“The Proactis acquisition of EGS is set to provide access to the UK public sector. The joint customer list ranges from central government agencies and mid-sized companies in just about every industry sector, a variety of local governments, authorities and charities.”
In a post I wrote this past September titled “BREAKING NEWS: Is the acquisition cup half full or half empty: A tale of two takeovers!” I talked about the high percentage of M&A failures and the reasons for them.
One of the biggest issues to be considered is the basis for the acquisition. Specifically, is it strategic in that it capitalizes on key synergies including extended service capabilities and cultural compatibility, or is it one that is based predominantly on financial considerations and expanding market share. There is of course a distinct difference between the two.
With the former there is a mid to long-term outlook in which the acquisition reflects a well defined strategy that has been solidly in place for some time. It is in essence a proactive move made to enhance a big picture outlook.
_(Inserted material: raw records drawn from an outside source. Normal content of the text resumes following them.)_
(* Let $\omega$ be a closed self-dual 2-form on a neighborhood $N(C)\cong C\times D^3$ of a circle $C$ in an oriented Riemannian 4-manifold, with coordinates $(\theta,x_1,x_2,x_3)$ ($\theta\in C=\mathbb{R}/2\pi\mathbb{Z}$, $x\in D^3$) such that $d\theta,dx_1,dx_2,dx_3$ are orthonormal at each point $(\theta,0)$, and suppose $\omega$ vanishes on $C=C\times\{0\}$ and has the form $$\omega=L_1(\theta,x)(d\theta\, dx_1+dx_2\, dx_3)+L_2(\theta,x)(d\theta\, dx_2+dx_3\, dx_1)+L_3(\theta,x)(d\theta\, dx_3+dx_1\, dx_2)+Q,$$ where $L_i(\theta,x)=\sum_{j=1}^3L_{ij}(\theta)x_j$ and $Q$ is a 2-form whose coefficients are of order at least two in the $x_i$. Then for every $\theta$ the matrix $(L_{ij}(\theta))$ is symmetric and traceless. *)

theory Defs
  imports "HOL-Analysis.Analysis"
begin

text \<open>Coordinates (theta, x1, x2, x3) on the chart C x D^3 of the tubular neighbourhood.
  Index 0 is theta, indices 1,2,3 are x1,x2,x3. A point is a quadruple of reals;
  theta ranges over all of R and every datum is required to be 2 pi periodic in theta.\<close>

type_synonym pt = "real \<times> real \<times> real \<times> real"

definition crd :: "nat \<Rightarrow> pt \<Rightarrow> real" where
  "crd a p = (if a = 0 then fst p else if a = 1 then fst (snd p)
              else if a = 2 then fst (snd (snd p)) else snd (snd (snd p)))"

definition ev :: "nat \<Rightarrow> pt" where
  "ev a = (if a = 0 then (1,0,0,0) else if a = 1 then (0,1,0,0)
           else if a = 2 then (0,0,1,0) else (0,0,0,1))"

definition rad2 :: "pt \<Rightarrow> real" where
  "rad2 p = (crd 1 p)^2 + (crd 2 p)^2 + (crd 3 p)^2"

definition NC :: "pt set" where
  "NC = {p. rad2 p < 1}"

definition pd :: "nat \<Rightarrow> (pt \<Rightarrow> real) \<Rightarrow> pt \<Rightarrow> real" where
  "pd a f p = deriv (\<lambda>t. f (p + t *\<^sub>R ev a)) 0"

text \<open>A 2-form is given by antisymmetric coefficients w a b (a,b < 4), i.e.
  omega = sum over a<b of w a b dx^a dx^b. Closedness d omega = 0 in components.\<close>
definition closed_form2 :: "(nat \<Rightarrow> nat \<Rightarrow> pt \<Rightarrow> real) \<Rightarrow> pt set \<Rightarrow> bool" where
  "closed_form2 w U \<longleftrightarrow>
     (\<forall>a<4. \<forall>b<4. \<forall>p\<in>U. w a b differentiable (at p)) \<and>
     (\<forall>a<4. \<forall>b<4. \<forall>c<4. \<forall>p\<in>U.
        pd a (w b c) p + pd b (w c a) p + pd c (w a b) p = 0)"

definition levi :: "nat \<Rightarrow> nat \<Rightarrow> nat \<Rightarrow> nat \<Rightarrow> real" where
  "levi a b c d = (let l = [a,b,c,d] in
     if distinct l \<and> set l = {0,1,2,3}
     then (-1) ^ card {(i,j). i < j \<and> j < 4 \<and> l!i > l!j} else 0)"

definition det4 :: "(nat \<Rightarrow> nat \<Rightarrow> real) \<Rightarrow> real" where
  "det4 M = (\<Sum>a<4. \<Sum>b<4. \<Sum>c<4. \<Sum>d<4. levi a b c d * M 0 a * M 1 b * M 2 c * M 3 d)"

definition minv :: "(nat \<Rightarrow> nat \<Rightarrow> real) \<Rightarrow> nat \<Rightarrow> nat \<Rightarrow> real" where
  "minv M = (SOME N. \<forall>i<4. \<forall>j<4. (\<Sum>k<4. M i k * N k j) = (if i = j then 1 else 0))"

definition riem_metric :: "(pt \<Rightarrow> nat \<Rightarrow> nat \<Rightarrow> real) \<Rightarrow> pt set \<Rightarrow> bool" where
  "riem_metric g U \<longleftrightarrow>
     (\<forall>i<4. \<forall>j<4. \<forall>p\<in>U. (\<lambda>q. g q i j) differentiable (at p)) \<and>
     (\<forall>p\<in>U. \<forall>i<4. \<forall>j<4. g p i j = g p j i) \<and>
     (\<forall>p\<in>U. \<forall>v::nat \<Rightarrow> real. (\<exists>i<4. v i \<noteq> 0) \<longrightarrow>
         (\<Sum>i<4. \<Sum>j<4. v i * g p i j * v j) > 0)"

text \<open>Hodge star of a 2-form (components, at one point) for metric G, with the orientation
  given by d theta dx1 dx2 dx3:
  (*w)_cd = sqrt(det G)/2 * sum_{a,b} w^{ab} eps_{abcd}.\<close>
definition hodge2 :: "(nat \<Rightarrow> nat \<Rightarrow> real) \<Rightarrow> (nat \<Rightarrow> nat \<Rightarrow> real) \<Rightarrow> nat \<Rightarrow> nat \<Rightarrow> real" where
  "hodge2 G w c d = sqrt (det4 G) / 2 *
     (\<Sum>a<4. \<Sum>b<4. levi a b c d *
        (\<Sum>e<4. \<Sum>f<4. minv G a e * minv G b f * w e f))"

definition self_dual :: "(pt \<Rightarrow> nat \<Rightarrow> nat \<Rightarrow> real) \<Rightarrow> (nat \<Rightarrow> nat \<Rightarrow> pt \<Rightarrow> real) \<Rightarrow> pt set \<Rightarrow> bool" where
  "self_dual g w U \<longleftrightarrow>
     (\<forall>p\<in>U. \<forall>c<4. \<forall>d<4. hodge2 (g p) (\<lambda>a b. w a b p) c d = w c d p)"

end

theory Submission
  imports Defs
begin

text \<open>At a point of \<open>C\<close> the first derivatives of \<open>\<omega>\<close> in the fibre directions are read off
  from the linear part alone, because \<open>Q\<close> vanishes to second order; along \<open>C\<close> they vanish
  since \<open>\<omega>\<close> does. Closedness \<open>d\<omega> = 0\<close> in the components \<open>123\<close> then gives
  \<open>L\<^sub>1\<^sub>1 + L\<^sub>2\<^sub>2 + L\<^sub>3\<^sub>3 = 0\<close>, and in the components \<open>0ij\<close> it gives \<open>L\<^sub>i\<^sub>j = L\<^sub>j\<^sub>i\<close>.
  Self-duality and the metric enter only through the prescribed shape of \<open>\<omega>\<close>.\<close>

lemma has_field_derivative_at_0_if_quadratic_remainder:
  fixes f :: "'a::real_normed_field \<Rightarrow> 'a"
  assumes "\<delta> > 0" and remainder: "\<And>t. norm t < \<delta> \<Longrightarrow> norm (f t - c * t) \<le> K * (norm t)\<^sup>2"
  shows "(f has_field_derivative c) (at 0)"
proof -
  have f0: "f 0 = 0"
    using remainder[of 0] \<open>\<delta> > 0\<close> by simp
  have quotient_bound: "norm (f t / t - c) \<le> \<bar>K\<bar> * norm t" if "norm t < \<delta>" "t \<noteq> 0" for t
  proof -
    have "norm (f t / t - c) = norm (f t - c * t) / norm t"
      using \<open>t \<noteq> 0\<close> by (simp add: field_simps flip: norm_divide)
    also have "\<dots> \<le> K * (norm t)\<^sup>2 / norm t"
      using remainder[OF \<open>norm t < \<delta>\<close>] by (simp add: divide_right_mono)
    also have "\<dots> \<le> \<bar>K\<bar> * norm t"
      using \<open>t \<noteq> 0\<close> by (simp add: power2_eq_square mult_right_mono)
    finally show ?thesis .
  qed
  have "\<forall>\<^sub>F t in at 0. norm t < \<delta> \<and> t \<noteq> 0"
    using \<open>\<delta> > 0\<close> unfolding eventually_at by (auto simp: dist_norm)
  then have "\<forall>\<^sub>F t in at 0. norm (f t / t - c) \<le> \<bar>K\<bar> * norm t"
    by (rule eventually_mono) (use quotient_bound in blast)
  moreover have "((\<lambda>t. \<bar>K\<bar> * norm t) \<longlongrightarrow> 0) (at (0::'a))"
    by (auto intro!: tendsto_eq_intros)
  ultimately have "((\<lambda>t. f t / t - c) \<longlongrightarrow> 0) (at 0)"
    by (rule Lim_null_comparison)
  then have "((\<lambda>t. f t / t) \<longlongrightarrow> c) (at 0)"
    by (simp add: Lim_null[symmetric])
  then show ?thesis
    by (simp add: has_field_derivative_iff f0)
qed

definition fibrewise_linear :: "(nat \<Rightarrow> real \<Rightarrow> real) \<Rightarrow> pt \<Rightarrow> real" where
  "fibrewise_linear l p = (\<Sum>j\<in>{1,2,3}. l j (crd 0 p) * crd j p)"

lemma fibrewise_linear_uminus:
  "fibrewise_linear (\<lambda>j t. - l j t) p = - fibrewise_linear l p"
  by (simp add: fibrewise_linear_def)

lemma pd_fibrewise_linear_plus_quadratic:
  assumes f: "\<And>p. p \<in> NC \<Longrightarrow> f p = fibrewise_linear l p + q p"
    and q: "\<And>p. p \<in> NC \<Longrightarrow> \<bar>q p\<bar> \<le> K * rad2 p"
    and j: "j \<in> {1,2,3}"
  shows "pd j f (th, 0, 0, 0) = l j th"
proof -
  define line where "line t = (th, 0, 0, 0) + t *\<^sub>R ev j" for t
  have line_linear: "fibrewise_linear l (line t) = l j th * t"
    and line_rad2: "rad2 (line t) = t\<^sup>2" for t
    using j by (auto simp: line_def fibrewise_linear_def rad2_def crd_def ev_def)
  have "norm (f (line t) - l j th * t) \<le> K * (norm t)\<^sup>2" if "norm t < 1" for t
  proof -
    have "line t \<in> NC"
      using that by (simp add: NC_def line_rad2 abs_square_less_1)
    then show ?thesis
      using f[of "line t"] q[of "line t"] line_linear line_rad2 by simp
  qed
  then have "((\<lambda>t. f (line t)) has_field_derivative l j th) (at 0)"
    by (intro has_field_derivative_at_0_if_quadratic_remainder[of 1]) auto
  then show ?thesis
    unfolding pd_def line_def[symmetric] by (rule DERIV_imp_deriv)
qed

theorem mainTheorem3:
  fixes g :: "pt \<Rightarrow> nat \<Rightarrow> nat \<Rightarrow> real"
    and w Q :: "nat \<Rightarrow> nat \<Rightarrow> pt \<Rightarrow> real"
    and L :: "nat \<Rightarrow> nat \<Rightarrow> real \<Rightarrow> real"
  assumes metric: "riem_metric g NC"
    and g_periodic: "\<And>th x1 x2 x3 i j. g (th + 2 * pi, x1, x2, x3) i j = g (th, x1, x2, x3) i j"
    and orthonormal_on_C: "\<And>th i j. i < 4 \<Longrightarrow> j < 4 \<Longrightarrow>
                             g (th, 0, 0, 0) i j = (if i = j then 1 else 0)"
    and w_antisym: "\<And>a b p. w a b p = - w b a p"
    and w_periodic: "\<And>th x1 x2 x3 a b. w a b (th + 2 * pi, x1, x2, x3) = w a b (th, x1, x2, x3)"
    and closed: "closed_form2 w NC"
    and selfdual: "self_dual g w NC"
    and vanishes_on_C: "\<And>th a b. w a b (th, 0, 0, 0) = 0"
    and Q_antisym: "\<And>a b p. Q a b p = - Q b a p"
    and Q_order2: "\<exists>K. \<forall>p\<in>NC. \<forall>a<4. \<forall>b<4. \<bar>Q a b p\<bar> \<le> K * rad2 p"
    and form:
      "\<And>p. p \<in> NC \<Longrightarrow>
         (let Li = (\<lambda>i. \<Sum>j\<in>{1,2,3}. L i j (crd 0 p) * crd j p) in
           w 0 1 p = Li 1 + Q 0 1 p \<and> w 2 3 p = Li 1 + Q 2 3 p \<and>
           w 0 2 p = Li 2 + Q 0 2 p \<and> w 3 1 p = Li 2 + Q 3 1 p \<and>
           w 0 3 p = Li 3 + Q 0 3 p \<and> w 1 2 p = Li 3 + Q 1 2 p)"
  shows "\<forall>th. (\<forall>i\<in>{1,2,3}. \<forall>j\<in>{1,2,3}. L i j th = L j i th) \<and>
              L 1 1 th + L 2 2 th + L 3 3 th = 0"
proof
  fix th
  let ?C = "(th, 0, 0, 0) :: pt"
  obtain K where K: "\<forall>p\<in>NC. \<forall>a<4. \<forall>b<4. \<bar>Q a b p\<bar> \<le> K * rad2 p"
    using Q_order2 by blast
  have components:
    "w 0 1 p = fibrewise_linear (L 1) p + Q 0 1 p \<and> w 2 3 p = fibrewise_linear (L 1) p + Q 2 3 p \<and>
     w 0 2 p = fibrewise_linear (L 2) p + Q 0 2 p \<and> w 3 1 p = fibrewise_linear (L 2) p + Q 3 1 p \<and>
     w 0 3 p = fibrewise_linear (L 3) p + Q 0 3 p \<and> w 1 2 p = fibrewise_linear (L 3) p + Q 1 2 p"
    if "p \<in> NC" for p
    using form[OF that] by (simp add: Let_def fibrewise_linear_def)
  have closed_at_C: "pd a (w b c) ?C + pd b (w c a) ?C + pd c (w a b) ?C = 0"
    if "a < 4" "b < 4" "c < 4" for a b c
    using closed that unfolding closed_form2_def by (force simp: NC_def rad2_def crd_def)
  have along_C: "pd 0 (w a b) ?C = 0" for a b
    by (simp add: pd_def ev_def vanishes_on_C)
  have pd_component: "pd j (w a b) ?C = L i j th"
    if "\<And>p. p \<in> NC \<Longrightarrow> w a b p = fibrewise_linear (L i) p + Q a b p" "a < 4" "b < 4" "j \<in> {1,2,3}"
    for a b i j
    using that K by (intro pd_fibrewise_linear_plus_quadratic[where K = K]) auto
  have pd_component_swapped: "pd j (w b a) ?C = - L i j th"
    if "\<And>p. p \<in> NC \<Longrightarrow> w a b p = fibrewise_linear (L i) p + Q a b p" "a < 4" "b < 4" "j \<in> {1,2,3}"
    for a b i j
    using that K w_antisym[of b a]
    by (intro pd_fibrewise_linear_plus_quadratic[where l = "\<lambda>j t. - L i j t" and q = "\<lambda>p. - Q a b p" and K = K])
       (auto simp: fibrewise_linear_uminus)
  have "L 1 1 th + L 2 2 th + L 3 3 th = 0"
    using closed_at_C[of 1 2 3] pd_component[of 2 3 1 1] pd_component[of 3 1 2 2] pd_component[of 1 2 3 3] components by simp
  moreover have "L 1 2 th = L 2 1 th"
    using closed_at_C[of 0 1 2] along_C pd_component_swapped[of 0 2 2 1] pd_component[of 0 1 1 2] components by simp
  moreover have "L 2 3 th = L 3 2 th"
    using closed_at_C[of 0 2 3] along_C pd_component_swapped[of 0 3 3 2] pd_component[of 0 2 2 3] components by simp
  moreover have "L 1 3 th = L 3 1 th"
    using closed_at_C[of 0 3 1] along_C pd_component_swapped[of 0 1 1 3] pd_component[of 0 3 3 1] components by simp
  ultimately show "(\<forall>i\<in>{1,2,3}. \<forall>j\<in>{1,2,3}. L i j th = L j i th) \<and> L 1 1 th + L 2 2 th + L 3 3 th = 0"
    by auto
qed

end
The latter motivation for an acquisition is by nature reactionary in that it is an “in the moment” move that is reminiscent of a strategy in which the end picture is yet to be known. Like random puzzle pieces scattered across the floor, the acquiring company is simply responding to a fluctuating SWOT reference model.
The real question is how do you determine if an announced acquisition is a proactive move associated with a well thought out plan, or a reactionary decision designed to garner media attention and short-term gain?
Based on experience, an early indication is how the acquisition is heralded in a press release.
When you see statements such as “provide access to a new or larger market,” or “acquired annual revenues,” the warning lights should begin to flash as these are indications of a whats in it for the companies as opposed to the clients scenario. One might even venture to call it the ultimate “it’s about me” transaction, in that there is a significant emphasis placed on how the move benefits the M&A participants. By the way, the benefit to the company being acquired is that they see the transaction as being their road to increased traction – something that they were unable to accomplish on their own. I call this the fear of falling behind or the we can’t do it ourselves factor.
Conversely, a press release that talks about “expanding the breadth of procurement services” a company offers, or augmenting the acquiring company’s “technology-enablement strategy” with little or no mention of annual revenues or market share, reflects a move that is grounded in a well thought out evolutionary strategy. In short it enhances success as opposed to creating it.
Now you might question whether or not the above is a reliable guideline for assessing the viability of a just announced acquisition. Fair enough as there are no absolutes. However if you do your homework, you will likely discover the same trending that I have seen over many years – and the reason why the vast majority of M&As are deemed to be failures.
In this context, the news of Proactis’ acquisition of EGS Group appears to be anything but promising. Only time will tell.